GC&RT Introductory Overview - Basic Ideas Part II
Advantages of Classification and Regression Trees (C&RT) Methods
As mentioned earlier, there are a large number of methods that an analyst can choose from (and they are all available in the STATISTICA system) when analyzing classification or regression problems. Tree classification techniques, when they "work" and produce accurate predictions or predicted classifications based on few logical if-then conditions, have a number of advantages over many of those alternative techniques.
- Simplicity of results
- In most cases, the interpretation of results summarized in a tree is very simple. This simplicity is useful not only for purposes of rapid classification of new observations (it is much easier to evaluate just one or two logical conditions, than to compute classification scores for each possible group, or predicted values, based on all predictors and using possibly some complex nonlinear model equations), but can also often yield a much simpler "model" for explaining why observations are classified or predicted in a particular manner (e.g., when analyzing business problems, it is much easier to present a few simple if-then statements to management, than some elaborate equations; compare, for example, the result shown in this section for the regression tree analysis of the Poverty data set with the results presented in the context of Example 1 of the Multiple Regression Analysis module).
- Tree methods are nonparametric and nonlinear
- The final results of using tree methods for classification or regression can be summarized in a series of (usually few) logical if-then conditions (tree nodes). Therefore, there is no implicit assumption that the underlying relationships between the predictor variables and the dependent variable are linear, follow some specific non-linear link function [e.g., see Generalized Linear/Nonlinear Models (GLZ)], or that they are even monotonic in nature. For example, some continuous outcome variable of interest could be positively related to a variable Income if the income is less than some certain amount, but negatively related if it is more than that amount (i.e., the tree could reveal multiple splits based on the same variable Income, revealing such a non-monotonic relationship between the variables). Thus, tree methods are particularly well suited for data mining tasks, where there is often little a priori knowledge nor any coherent set of theories or predictions regarding which variables are related and how. In those types of data analyses, tree methods can often reveal simple relationships between just a few variables that could have easily gone unnoticed using other analytic techniques.

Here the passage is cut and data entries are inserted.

text \<open>The whole metric space M is the type 'a (class metric_space), with distance dist.\<close>

definition ultrametric :: "('a::metric_space) itself \<Rightarrow> bool" where
  "ultrametric _ \<longleftrightarrow> (\<forall>x y z::'a. dist x z \<le> max (dist x y) (dist y z))"

definition isometry_of_space :: "('a::metric_space \<Rightarrow> 'a) \<Rightarrow> bool" where
  "isometry_of_space g \<longleftrightarrow> bij g \<and> (\<forall>x y. dist (g x) (g y) = dist x y)"

definition homogeneous :: "('a::metric_space) itself \<Rightarrow> bool" where
  "homogeneous _ \<longleftrightarrow>
     (\<forall>(A::'a set) B f. finite A \<and> finite B \<and> bij_betw f A B \<and>
        (\<forall>x\<in>A. \<forall>y\<in>A. dist (f x) (f y) = dist x y) \<longrightarrow>
        (\<exists>g. isometry_of_space g \<and> (\<forall>x\<in>A. g x = f x)))"

definition isolated_point :: "'a::metric_space \<Rightarrow> bool" where
  "isolated_point x \<longleftrightarrow> (\<exists>e>0. ball x e = {x})"

definition ball_partition :: "real \<Rightarrow> ('a::metric_space) set set" where
  "ball_partition r = {ball x r | x. True}"

definition min_dist :: "('a::metric_space) set \<Rightarrow> real" where
  "min_dist C = Min {dist x y | x y. x \<in> C \<and> y \<in> C \<and> x \<noteq> y}"

definition is_optimal_code :: "nat \<Rightarrow> ('a::metric_space) set \<Rightarrow> bool" where
  "is_optimal_code n C \<longleftrightarrow> finite C \<and> card C = n \<and>
     (\<forall>C'::'a set. finite C' \<and> card C' = n \<longrightarrow> min_dist C' \<le> min_dist C)"

definition sym_admissible :: "('a::metric_space) itself \<Rightarrow> nat \<Rightarrow> bool" where
  "sym_admissible _ t \<longleftrightarrow>
     (\<forall>T::'a set. finite T \<and> card T = t \<longrightarrow>
        (\<exists>g. isometry_of_space g \<and> g \<noteq> id \<and> g ` T = T))"

text \<open>Symmetry strength infinite: the set of admissible t has supremum infinity,
  i.e. is unbounded.\<close>
definition infinite_symmetry_strength :: "('a::metric_space) itself \<Rightarrow> bool" where
  "infinite_symmetry_strength X \<longleftrightarrow> \<not> bdd_above {t. sym_admissible X t}"

end

theory Submission
  imports Defs
begin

General Computation Issues and Unique Solutions of STATISTICA GC&RT
The computational details involved in determining the best split conditions to construct a simple yet useful and informative tree are quite complex. Refer to Breiman et al. (1984) for a discussion of their CART ® algorithm to learn more about the general theory of and specific computational solutions for constructing classification and regression trees; STATISTICA's GC&RT module implements those techniques and extends them in several ways (see also the discussion of ANCOVA-like predictor designs). An excellent general discussion of tree classification and regression methods, and comparisons with other approaches to pattern recognition and neural networks, is provided in Ripley (1996). Computational Details also provides in some detail how the C&RT algorithm works. What follows is a brief discussion of some computational solutions and unique features of STATISTICA C&RT.

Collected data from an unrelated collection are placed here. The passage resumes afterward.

lemma bij_natD_dual_unit_lin:
  assumes m: "lin_bicomod C D m" and a: "a \<in> C"
  shows "bij_natD m (dual C D (dual C D m)) a (dual_unit C D m a)"
proof -
  obtain \<phi>0 where \<phi>0: "pos (dual C D m) a = {\<phi>0}"
    using conj_bicomod_dual[OF m] a unfolding conj_bicomod_def by blast
  have "bij_betw (fst (dual_unit C D m a)) (pos m a) (pos (dual C D (dual C D m)) a)"
  proof (rule bij_betwI')
    fix i j assume "i \<in> pos m a" "j \<in> pos m a"
    moreover have "snd (fst (dual_unit C D m a) k) \<phi>0 () = (k, ())" if "k \<in> pos m a" for k
      using that \<phi>0 by (simp add: dual_unit_def dual_point_def)
    ultimately show "fst (dual_unit C D m a) i = fst (dual_unit C D m a) j \<longleftrightarrow> i = j"
      by (metis prod.inject)
  next
    fix i assume "i \<in> pos m a"
    then show "fst (dual_unit C D m a) i \<in> pos (dual C D (dual C D m)) a"
      using evaluation_in_pos_dual_dual[OF a] by (simp add: dual_unit_def)
  next
    fix \<Phi> assume \<Phi>: "\<Phi> \<in> pos (dual C D (dual C D m)) a"
    define i where "i = fst (snd \<Phi> \<phi>0 ())"
    have i: "i \<in> pos m a"
      using a \<Phi> \<phi>0 by (auto simp: i_def pos_dual natD_bot_iff dir_dual case_prod_beta)
    moreover have "\<Phi> = fst (dual_unit C D m a) i"
      using pos_dual_dual_eq_unit[OF a \<Phi> i] \<phi>0 by (simp add: i_def)
    ultimately show "\<exists>i \<in> pos m a. \<Phi> = fst (dual_unit C D m a) i" by blast
  qed
  moreover have "dir m a i = {snd \<phi>0 i ()}" if i: "i \<in> pos m a" for i
  proof -
    have "snd \<phi>0 i () \<in> dir m a i"
      using a i \<phi>0 natD_bot_iff[OF a, of \<phi>0 m D] by (simp add: pos_dual)
    moreover have "\<exists>!e. e \<in> dir m a i"
      using m a i by (simp add: lin_bicomod_def)
    ultimately show ?thesis by blast
  qed
  moreover have "dir (dual C D (dual C D m)) a \<Phi> = {(\<phi>0, ())}" for \<Phi>
    using \<phi>0 by (auto simp: dir_dual)
  ultimately show ?thesis
    using \<phi>0 by (simp add: bij_natD_def dual_unit_def)
qed

lemma dual_unit_isoI:
  assumes "\<And>m a. P m \<Longrightarrow> a \<in> C \<Longrightarrow> bij_natD m (dual C D (dual C D m)) a (dual_unit C D m a)"
  shows "dual_unit_iso C D P"
  unfolding dual_unit_iso_def
  using assms by (intro exI[of _ "dual_unit C D"] conjI allI impI iso_morI mor_dual_unit dual_unit_natural)

section \<open>Spans\<close>

lemma lin_bicomod_lin_of:
  "s ` M \<subseteq> C \<Longrightarrow> t ` M \<subseteq> D \<Longrightarrow> lin_bicomod C D (lin_of M s t)"
  by (auto simp: lin_bicomod_def wf_bicomod_def lin_of_def)

lemma conj_bicomod_conj_of:
  "s ` M \<subseteq> C \<Longrightarrow> t ` M \<subseteq> D \<Longrightarrow> conj_bicomod C D (conj_of C M s t)"
  by (auto simp: conj_bicomod_def wf_bicomod_def conj_of_def)

lemma dual_lin_of_iso_conj_of:
  assumes "s ` M \<subseteq> C" "t ` M \<subseteq> D"
  shows "\<exists>F. iso_mor C (dual C D (lin_of M s t)) (conj_of C M s t) F"
proof -
  let ?L = "lin_of M s t" and ?K = "conj_of C M s t"
  define F where "F = (\<lambda>a. (\<lambda>\<phi>. if \<phi> \<in> pos (dual C D ?L) a then () else undefined,
      \<lambda>\<phi>. if \<phi> \<in> pos (dual C D ?L) a then (\<lambda>x. if x \<in> dir ?K a () then (x, ()) else undefined)
          else undefined))"
  have "F a \<in> natD (dual C D ?L) ?K a" if "a \<in> C" for a
    unfolding natD_iff
    using that by (auto simp: F_def conj_of_def lin_of_def dir_dual lab_dual pos_dual natD_bot_iff)
  then have "mor C (dual C D ?L) ?K F"
    by (simp add: mor_def)
  moreover have "bij_natD (dual C D ?L) ?K a (F a)" if a: "a \<in> C" for a
  proof -
    obtain \<phi>0 where \<phi>0: "pos (dual C D ?L) a = {\<phi>0}"
      using conj_bicomod_dual[OF lin_bicomod_lin_of[OF assms]] a unfolding conj_bicomod_def by blast
    have "bij_betw (fst (F a)) (pos (dual C D ?L) a) (pos ?K a)"
      using a \<phi>0 by (simp add: F_def conj_of_def)
    moreover have "bij_betw (snd (F a) \<phi>0) (dir ?K a (fst (F a) \<phi>0)) (dir (dual C D ?L) a \<phi>0)"
      using \<phi>0 by (auto simp: bij_betw_def inj_on_def F_def dir_dual conj_of_def lin_of_def image_iff)
    ultimately show ?thesis
      using \<phi>0 by (simp add: bij_natD_def)
  qed
  ultimately show ?thesis
    by (blast intro: iso_morI)
qed

lemma dual_conj_of_iso_lin_of:
  assumes "s ` M \<subseteq> C" "t ` M \<subseteq> D"
  shows "\<exists>G. iso_mor C (dual C D (conj_of C M s t)) (lin_of M s t) G"
proof -
  let ?L = "lin_of M s t" and ?K = "conj_of C M s t"
  define G where "G = (\<lambda>a. (\<lambda>\<phi>. if \<phi> \<in> pos (dual C D ?K) a then snd \<phi> () () else undefined,
      \<lambda>\<phi>. if \<phi> \<in> pos (dual C D ?K) a then (\<lambda>u. if u \<in> dir ?L a (snd \<phi> () ()) then ((), ()) else undefined)
          else undefined))"
  have "G a \<in> natD (dual C D ?K) ?L a" if "a \<in> C" for a
    unfolding natD_iff
    using that by (auto simp: G_def conj_of_def lin_of_def dir_dual lab_dual pos_dual natD_bot_iff)
  then have "mor C (dual C D ?K) ?L G"
    by (simp add: mor_def)
  moreover have "bij_natD (dual C D ?K) ?L a (G a)" if a: "a \<in> C" for a
  proof -
    have pos_K: "pos ?K a = {()}" using a by (simp add: conj_of_def)
    have "bij_betw (fst (G a)) (pos (dual C D ?K) a) (pos ?L a)"
    proof (rule bij_betwI')
      fix \<phi> \<psi> assume "\<phi> \<in> pos (dual C D ?K) a" "\<psi> \<in> pos (dual C D ?K) a"
      then show "fst (G a) \<phi> = fst (G a) \<psi> \<longleftrightarrow> \<phi> = \<psi>"
        using pos_dual_eqI[OF a, of \<phi> D ?K \<psi>] pos_K by (auto simp: G_def)
    next
      fix \<phi> assume "\<phi> \<in> pos (dual C D ?K) a"
      then show "fst (G a) \<phi> \<in> pos ?L a"
        using a by (auto simp: G_def pos_dual natD_bot_iff conj_of_def lin_of_def)
    next
      fix x assume x: "x \<in> pos ?L a"
      have "dual_point ?K a (\<lambda>_. x) \<in> pos (dual C D ?K) a"
        using a x conj_bicomod_conj_of[OF assms]
        by (intro dual_point_in_pos_dual) (auto simp: conj_bicomod_def conj_of_def lin_of_def)
      then show "\<exists>\<phi> \<in> pos (dual C D ?K) a. x = fst (G a) \<phi>"
        using pos_K by (intro bexI) (auto simp: G_def dual_point_def)
    qed
    moreover have "dir ?L a x = {()}" "dir (dual C D ?K) a \<phi> = {((), ())}" for x \<phi>
      using pos_K by (auto simp: lin_of_def dir_dual)
    ultimately show ?thesis
      by (simp add: bij_natD_def G_def)
  qed
  ultimately show ?thesis
    by (blast intro: iso_morI)
qed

Avoiding Over-Fitting: Pruning, cross-validation, and V-fold cross-validation
A major issue that arises when applying regression or classification trees to "real" data with much random error noise concerns the decision when to stop splitting. For example, if you had a data set with 10 cases, and performed 9 splits (determined 9 if-then conditions), you could perfectly predict every single case. In general, if you only split a sufficient number of times, eventually you will be able to "predict" ("reproduce" would be the more appropriate term here) your original data (from which you determined the splits). Of course, it is far from clear whether such complex results (with many splits) will replicate in a sample of new observations; most likely they will not.
This general issue is also discussed in the literature on tree classification and regression methods, as well as neural networks, under the topic of "overlearning" or "overfitting." If not stopped, the tree algorithm will ultimately "extract" all information from the data, including information that is not and cannot be predicted in the population with the current set of predictors, i.e., random or noise variation. The general approach to addressing this issue is first to stop generating new split nodes when subsequent splits only result in very little overall improvement of the prediction. For example, if you can predict 90% of all cases correctly from 10 splits, and 90.1% of all cases from 11 splits, then it obviously makes little sense to add that 11th split to the tree. STATISTICA offers many such criteria for automatically stopping the splitting (tree-building) process, and they are further described in Computational Details.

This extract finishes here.